Exercise goal: Lines containing the string "induction": how many are there below? Answer with the number only.

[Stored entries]
++++

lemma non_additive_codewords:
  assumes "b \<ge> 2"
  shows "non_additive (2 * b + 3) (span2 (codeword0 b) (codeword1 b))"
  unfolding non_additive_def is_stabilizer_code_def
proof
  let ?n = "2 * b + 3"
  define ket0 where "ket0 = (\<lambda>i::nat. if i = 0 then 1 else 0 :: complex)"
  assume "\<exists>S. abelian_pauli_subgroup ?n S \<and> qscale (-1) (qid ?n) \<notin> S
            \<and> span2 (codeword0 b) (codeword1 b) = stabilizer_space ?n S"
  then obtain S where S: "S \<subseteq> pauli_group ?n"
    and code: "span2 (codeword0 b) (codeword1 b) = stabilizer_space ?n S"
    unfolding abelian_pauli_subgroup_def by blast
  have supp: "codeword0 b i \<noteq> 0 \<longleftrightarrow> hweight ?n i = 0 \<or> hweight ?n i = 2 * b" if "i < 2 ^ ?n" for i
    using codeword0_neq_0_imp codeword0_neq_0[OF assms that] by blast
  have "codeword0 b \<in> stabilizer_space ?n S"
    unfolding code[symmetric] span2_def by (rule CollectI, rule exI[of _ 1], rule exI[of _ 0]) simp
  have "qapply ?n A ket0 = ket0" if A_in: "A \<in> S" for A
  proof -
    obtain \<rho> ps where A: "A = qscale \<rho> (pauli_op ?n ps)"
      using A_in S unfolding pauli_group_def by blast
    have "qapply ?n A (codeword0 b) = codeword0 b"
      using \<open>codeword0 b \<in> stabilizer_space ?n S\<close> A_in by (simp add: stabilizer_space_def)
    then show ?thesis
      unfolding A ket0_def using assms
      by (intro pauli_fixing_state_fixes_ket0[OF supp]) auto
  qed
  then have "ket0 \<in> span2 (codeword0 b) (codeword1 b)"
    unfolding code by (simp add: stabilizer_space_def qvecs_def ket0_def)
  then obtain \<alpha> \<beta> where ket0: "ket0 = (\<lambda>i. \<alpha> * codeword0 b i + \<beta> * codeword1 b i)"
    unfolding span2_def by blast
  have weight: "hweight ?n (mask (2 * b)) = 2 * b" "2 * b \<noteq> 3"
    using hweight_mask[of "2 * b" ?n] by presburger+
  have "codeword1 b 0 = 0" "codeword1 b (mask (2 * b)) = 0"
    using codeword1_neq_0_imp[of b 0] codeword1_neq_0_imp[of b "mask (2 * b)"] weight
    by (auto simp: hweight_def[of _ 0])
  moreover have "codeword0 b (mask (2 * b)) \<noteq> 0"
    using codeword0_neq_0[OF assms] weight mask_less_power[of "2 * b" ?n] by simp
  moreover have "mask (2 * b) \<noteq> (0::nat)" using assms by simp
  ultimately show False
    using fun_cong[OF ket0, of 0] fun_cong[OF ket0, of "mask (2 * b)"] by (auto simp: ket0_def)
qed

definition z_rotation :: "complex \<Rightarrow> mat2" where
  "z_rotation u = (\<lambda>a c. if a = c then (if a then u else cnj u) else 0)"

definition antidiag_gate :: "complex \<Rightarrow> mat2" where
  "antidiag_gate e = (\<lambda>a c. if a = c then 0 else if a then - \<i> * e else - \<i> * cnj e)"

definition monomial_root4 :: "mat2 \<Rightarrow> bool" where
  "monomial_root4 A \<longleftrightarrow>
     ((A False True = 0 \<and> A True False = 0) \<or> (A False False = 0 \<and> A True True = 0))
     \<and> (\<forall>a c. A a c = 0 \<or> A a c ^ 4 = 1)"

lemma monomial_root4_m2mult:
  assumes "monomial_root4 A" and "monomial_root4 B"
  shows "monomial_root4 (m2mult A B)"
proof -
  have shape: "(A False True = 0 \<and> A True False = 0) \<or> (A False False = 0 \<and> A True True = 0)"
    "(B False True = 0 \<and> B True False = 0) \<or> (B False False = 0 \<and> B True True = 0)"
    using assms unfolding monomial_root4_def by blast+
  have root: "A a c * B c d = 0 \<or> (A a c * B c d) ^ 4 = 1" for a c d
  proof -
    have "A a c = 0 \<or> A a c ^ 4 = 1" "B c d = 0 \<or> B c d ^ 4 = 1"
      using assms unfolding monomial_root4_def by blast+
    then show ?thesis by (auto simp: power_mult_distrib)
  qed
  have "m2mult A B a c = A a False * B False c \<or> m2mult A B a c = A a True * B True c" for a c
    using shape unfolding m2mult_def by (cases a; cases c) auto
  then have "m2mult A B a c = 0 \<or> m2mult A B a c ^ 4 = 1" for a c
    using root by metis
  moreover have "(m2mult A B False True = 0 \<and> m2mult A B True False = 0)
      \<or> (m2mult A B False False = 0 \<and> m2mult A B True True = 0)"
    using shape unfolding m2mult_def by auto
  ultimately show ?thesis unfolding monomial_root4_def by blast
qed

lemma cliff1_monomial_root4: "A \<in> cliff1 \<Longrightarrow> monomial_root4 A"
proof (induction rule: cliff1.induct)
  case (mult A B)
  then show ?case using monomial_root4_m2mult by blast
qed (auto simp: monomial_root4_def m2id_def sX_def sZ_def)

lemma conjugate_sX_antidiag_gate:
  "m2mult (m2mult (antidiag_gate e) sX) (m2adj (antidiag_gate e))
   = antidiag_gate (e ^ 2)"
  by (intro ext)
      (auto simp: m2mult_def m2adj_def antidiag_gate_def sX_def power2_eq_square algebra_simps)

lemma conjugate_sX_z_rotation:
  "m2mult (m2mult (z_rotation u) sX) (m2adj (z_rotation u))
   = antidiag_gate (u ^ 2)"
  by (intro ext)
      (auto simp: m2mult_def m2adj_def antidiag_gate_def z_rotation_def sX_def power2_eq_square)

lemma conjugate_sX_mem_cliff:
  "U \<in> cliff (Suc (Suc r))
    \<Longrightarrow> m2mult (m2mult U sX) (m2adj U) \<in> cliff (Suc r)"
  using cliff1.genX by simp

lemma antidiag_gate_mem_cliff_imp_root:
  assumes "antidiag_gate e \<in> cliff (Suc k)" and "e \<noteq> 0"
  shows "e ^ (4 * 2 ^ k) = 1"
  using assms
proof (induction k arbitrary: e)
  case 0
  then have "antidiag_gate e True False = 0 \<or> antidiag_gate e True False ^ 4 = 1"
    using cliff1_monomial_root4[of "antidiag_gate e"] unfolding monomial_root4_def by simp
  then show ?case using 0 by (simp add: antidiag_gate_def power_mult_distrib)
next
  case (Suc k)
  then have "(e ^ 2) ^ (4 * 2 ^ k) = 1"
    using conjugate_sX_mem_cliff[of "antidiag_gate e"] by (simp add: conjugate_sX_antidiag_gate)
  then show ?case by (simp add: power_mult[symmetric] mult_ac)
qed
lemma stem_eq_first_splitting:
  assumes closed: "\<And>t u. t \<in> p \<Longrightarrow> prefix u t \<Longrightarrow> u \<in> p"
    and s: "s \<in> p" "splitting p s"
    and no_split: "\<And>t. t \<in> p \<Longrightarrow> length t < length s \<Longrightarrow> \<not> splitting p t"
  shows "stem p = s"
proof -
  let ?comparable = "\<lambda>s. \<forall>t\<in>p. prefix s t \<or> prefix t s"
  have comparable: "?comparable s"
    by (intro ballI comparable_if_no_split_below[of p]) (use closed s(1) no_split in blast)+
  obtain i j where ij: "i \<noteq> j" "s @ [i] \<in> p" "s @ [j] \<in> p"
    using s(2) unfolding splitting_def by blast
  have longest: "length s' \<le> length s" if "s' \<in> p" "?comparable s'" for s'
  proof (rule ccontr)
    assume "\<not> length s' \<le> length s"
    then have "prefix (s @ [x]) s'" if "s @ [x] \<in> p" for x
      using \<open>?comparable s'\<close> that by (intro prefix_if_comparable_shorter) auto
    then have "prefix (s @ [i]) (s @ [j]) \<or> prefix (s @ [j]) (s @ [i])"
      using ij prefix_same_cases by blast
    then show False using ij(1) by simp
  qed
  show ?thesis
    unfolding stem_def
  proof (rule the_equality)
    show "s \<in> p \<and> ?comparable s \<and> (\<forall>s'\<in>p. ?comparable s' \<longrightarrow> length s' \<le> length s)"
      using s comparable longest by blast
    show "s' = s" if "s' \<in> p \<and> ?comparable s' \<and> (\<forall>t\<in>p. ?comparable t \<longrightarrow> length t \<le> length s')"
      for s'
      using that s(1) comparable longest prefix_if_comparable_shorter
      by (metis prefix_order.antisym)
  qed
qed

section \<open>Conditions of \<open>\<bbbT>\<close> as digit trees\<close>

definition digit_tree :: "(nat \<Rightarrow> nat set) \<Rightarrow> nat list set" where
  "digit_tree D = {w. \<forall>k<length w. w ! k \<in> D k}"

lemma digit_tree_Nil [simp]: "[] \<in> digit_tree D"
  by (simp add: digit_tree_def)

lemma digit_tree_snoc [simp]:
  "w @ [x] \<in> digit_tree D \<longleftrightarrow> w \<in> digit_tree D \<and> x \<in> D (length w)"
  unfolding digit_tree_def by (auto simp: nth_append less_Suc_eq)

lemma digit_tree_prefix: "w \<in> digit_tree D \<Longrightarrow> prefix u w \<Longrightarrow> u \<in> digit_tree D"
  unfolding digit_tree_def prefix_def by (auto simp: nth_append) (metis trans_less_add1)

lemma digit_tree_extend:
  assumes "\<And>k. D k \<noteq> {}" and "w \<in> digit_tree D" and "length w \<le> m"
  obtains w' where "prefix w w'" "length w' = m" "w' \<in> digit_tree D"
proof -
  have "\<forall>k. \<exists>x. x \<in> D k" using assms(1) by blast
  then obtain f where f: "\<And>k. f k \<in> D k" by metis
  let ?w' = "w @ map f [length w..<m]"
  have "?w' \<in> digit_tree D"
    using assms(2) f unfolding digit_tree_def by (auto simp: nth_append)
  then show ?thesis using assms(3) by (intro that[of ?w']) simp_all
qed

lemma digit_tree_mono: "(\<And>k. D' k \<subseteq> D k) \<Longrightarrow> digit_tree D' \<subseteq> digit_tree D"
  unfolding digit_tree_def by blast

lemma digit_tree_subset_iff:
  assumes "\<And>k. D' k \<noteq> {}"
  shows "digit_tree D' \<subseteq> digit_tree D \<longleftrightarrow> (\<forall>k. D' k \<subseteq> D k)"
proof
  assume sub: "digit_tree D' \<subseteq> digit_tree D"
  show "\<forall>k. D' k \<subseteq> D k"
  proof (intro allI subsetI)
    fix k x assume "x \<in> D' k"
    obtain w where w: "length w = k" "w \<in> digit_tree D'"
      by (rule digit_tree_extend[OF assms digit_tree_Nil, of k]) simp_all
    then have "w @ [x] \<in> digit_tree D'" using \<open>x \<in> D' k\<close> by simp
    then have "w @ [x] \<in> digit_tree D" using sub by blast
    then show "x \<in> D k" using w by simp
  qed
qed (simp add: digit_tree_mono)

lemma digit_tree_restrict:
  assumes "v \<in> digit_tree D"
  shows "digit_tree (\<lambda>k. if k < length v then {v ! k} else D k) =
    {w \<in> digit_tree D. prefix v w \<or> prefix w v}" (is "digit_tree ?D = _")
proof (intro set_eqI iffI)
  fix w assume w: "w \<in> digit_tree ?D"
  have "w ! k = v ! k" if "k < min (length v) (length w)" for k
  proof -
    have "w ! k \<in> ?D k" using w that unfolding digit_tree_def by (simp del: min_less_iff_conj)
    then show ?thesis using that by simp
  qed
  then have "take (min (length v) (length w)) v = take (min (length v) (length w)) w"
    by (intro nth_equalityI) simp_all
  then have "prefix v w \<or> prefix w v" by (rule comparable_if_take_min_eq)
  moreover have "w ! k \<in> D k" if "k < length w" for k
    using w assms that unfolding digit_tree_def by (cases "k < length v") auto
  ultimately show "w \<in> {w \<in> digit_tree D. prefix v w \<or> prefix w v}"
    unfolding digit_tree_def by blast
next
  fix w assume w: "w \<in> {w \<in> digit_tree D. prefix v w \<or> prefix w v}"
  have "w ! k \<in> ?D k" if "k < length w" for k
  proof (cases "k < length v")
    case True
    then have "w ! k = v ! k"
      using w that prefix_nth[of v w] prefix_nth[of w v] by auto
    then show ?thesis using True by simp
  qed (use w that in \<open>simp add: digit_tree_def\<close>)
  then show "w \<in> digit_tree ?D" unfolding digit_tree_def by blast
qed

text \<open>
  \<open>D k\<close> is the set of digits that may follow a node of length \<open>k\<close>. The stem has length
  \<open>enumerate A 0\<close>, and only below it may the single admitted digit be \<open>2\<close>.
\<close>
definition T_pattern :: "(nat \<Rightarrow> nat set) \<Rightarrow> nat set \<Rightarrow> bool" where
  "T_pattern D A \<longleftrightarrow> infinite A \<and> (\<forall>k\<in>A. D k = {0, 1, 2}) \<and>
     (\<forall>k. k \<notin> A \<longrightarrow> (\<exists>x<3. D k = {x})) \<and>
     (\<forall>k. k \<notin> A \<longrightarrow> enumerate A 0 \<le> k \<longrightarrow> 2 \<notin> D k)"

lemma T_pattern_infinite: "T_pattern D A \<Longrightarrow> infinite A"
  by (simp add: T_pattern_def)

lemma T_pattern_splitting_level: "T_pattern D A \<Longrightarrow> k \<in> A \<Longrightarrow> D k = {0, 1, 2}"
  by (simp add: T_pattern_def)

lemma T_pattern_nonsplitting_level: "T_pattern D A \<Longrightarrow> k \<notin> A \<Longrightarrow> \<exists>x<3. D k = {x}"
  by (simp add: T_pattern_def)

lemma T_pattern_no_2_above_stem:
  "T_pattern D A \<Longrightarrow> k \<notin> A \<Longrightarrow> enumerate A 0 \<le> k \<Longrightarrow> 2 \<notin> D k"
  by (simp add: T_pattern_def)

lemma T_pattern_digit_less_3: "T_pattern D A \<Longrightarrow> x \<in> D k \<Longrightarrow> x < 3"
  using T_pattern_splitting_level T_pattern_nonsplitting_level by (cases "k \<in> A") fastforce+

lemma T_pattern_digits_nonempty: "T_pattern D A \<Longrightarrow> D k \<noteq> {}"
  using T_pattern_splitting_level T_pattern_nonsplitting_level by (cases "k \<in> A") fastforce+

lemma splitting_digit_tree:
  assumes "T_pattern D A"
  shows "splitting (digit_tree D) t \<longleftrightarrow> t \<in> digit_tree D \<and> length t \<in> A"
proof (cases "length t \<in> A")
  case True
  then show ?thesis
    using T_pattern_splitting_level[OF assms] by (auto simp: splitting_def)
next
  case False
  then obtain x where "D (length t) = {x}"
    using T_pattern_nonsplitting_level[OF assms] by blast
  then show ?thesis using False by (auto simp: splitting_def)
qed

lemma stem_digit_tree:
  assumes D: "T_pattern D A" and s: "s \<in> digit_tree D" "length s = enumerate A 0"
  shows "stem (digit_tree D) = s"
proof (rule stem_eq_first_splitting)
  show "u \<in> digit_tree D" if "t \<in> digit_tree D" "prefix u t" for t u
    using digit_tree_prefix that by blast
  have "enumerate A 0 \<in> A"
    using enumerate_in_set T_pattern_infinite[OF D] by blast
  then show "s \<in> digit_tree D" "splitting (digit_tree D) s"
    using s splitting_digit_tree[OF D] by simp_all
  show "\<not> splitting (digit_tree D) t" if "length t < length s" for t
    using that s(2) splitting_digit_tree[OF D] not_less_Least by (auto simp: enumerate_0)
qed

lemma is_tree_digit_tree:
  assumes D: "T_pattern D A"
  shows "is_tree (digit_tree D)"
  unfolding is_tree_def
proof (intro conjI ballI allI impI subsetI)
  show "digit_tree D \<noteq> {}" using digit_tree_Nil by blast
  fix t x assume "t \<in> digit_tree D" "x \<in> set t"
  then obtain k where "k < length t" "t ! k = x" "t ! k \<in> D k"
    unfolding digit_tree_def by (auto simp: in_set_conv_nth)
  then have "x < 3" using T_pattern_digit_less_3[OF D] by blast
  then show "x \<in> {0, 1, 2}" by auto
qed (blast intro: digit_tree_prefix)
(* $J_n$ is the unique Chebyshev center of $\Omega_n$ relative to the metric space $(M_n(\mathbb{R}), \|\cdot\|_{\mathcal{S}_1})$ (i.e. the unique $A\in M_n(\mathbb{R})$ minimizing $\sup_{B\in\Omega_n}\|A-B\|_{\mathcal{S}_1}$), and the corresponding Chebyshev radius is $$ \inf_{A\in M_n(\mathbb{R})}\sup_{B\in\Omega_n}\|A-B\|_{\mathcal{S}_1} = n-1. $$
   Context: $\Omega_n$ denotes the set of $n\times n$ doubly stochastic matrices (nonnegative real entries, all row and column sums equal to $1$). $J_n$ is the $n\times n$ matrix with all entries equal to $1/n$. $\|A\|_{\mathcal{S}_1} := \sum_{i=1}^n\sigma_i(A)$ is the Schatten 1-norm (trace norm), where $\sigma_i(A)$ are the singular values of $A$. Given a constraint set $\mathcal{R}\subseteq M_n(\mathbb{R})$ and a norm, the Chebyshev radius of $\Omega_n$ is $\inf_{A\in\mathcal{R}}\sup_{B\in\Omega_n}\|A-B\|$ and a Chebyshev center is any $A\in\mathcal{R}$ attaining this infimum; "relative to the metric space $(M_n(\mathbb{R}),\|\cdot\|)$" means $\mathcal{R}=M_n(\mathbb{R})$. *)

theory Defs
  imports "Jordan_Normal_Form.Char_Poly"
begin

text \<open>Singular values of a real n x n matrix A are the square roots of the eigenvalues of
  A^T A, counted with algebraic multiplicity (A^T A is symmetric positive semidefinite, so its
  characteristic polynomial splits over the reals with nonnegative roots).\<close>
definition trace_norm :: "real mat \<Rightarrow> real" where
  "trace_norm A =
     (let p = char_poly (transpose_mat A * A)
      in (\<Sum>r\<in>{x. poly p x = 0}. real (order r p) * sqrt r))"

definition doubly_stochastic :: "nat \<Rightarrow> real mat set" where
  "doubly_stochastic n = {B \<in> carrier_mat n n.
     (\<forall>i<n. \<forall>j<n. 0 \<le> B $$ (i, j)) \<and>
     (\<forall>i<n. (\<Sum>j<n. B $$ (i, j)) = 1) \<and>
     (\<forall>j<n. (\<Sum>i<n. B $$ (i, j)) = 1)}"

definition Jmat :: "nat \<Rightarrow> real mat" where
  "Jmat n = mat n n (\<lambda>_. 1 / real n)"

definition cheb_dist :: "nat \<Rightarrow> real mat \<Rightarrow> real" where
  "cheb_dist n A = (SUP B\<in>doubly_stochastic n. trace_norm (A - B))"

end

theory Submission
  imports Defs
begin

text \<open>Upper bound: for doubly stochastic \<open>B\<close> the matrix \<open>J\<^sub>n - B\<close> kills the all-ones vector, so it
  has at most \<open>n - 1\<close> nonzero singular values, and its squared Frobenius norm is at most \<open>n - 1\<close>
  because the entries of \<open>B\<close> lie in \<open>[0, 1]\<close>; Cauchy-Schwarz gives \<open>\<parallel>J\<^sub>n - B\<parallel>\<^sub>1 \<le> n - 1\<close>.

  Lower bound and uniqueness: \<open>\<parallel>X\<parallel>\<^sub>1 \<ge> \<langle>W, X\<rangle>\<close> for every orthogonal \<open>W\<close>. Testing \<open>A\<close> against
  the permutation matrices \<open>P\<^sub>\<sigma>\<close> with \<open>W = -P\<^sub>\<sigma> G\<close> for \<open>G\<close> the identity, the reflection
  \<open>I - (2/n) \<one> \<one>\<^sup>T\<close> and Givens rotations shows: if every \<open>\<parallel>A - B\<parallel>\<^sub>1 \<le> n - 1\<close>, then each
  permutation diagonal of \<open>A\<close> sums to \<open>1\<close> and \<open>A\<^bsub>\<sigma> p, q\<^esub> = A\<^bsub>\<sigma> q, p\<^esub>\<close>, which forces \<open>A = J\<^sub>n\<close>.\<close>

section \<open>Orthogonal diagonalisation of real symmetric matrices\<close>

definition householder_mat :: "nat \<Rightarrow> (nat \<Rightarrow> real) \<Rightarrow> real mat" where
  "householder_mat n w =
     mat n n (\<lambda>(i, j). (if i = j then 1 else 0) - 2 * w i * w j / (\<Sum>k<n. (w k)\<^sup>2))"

++++

Response to this exercise: 2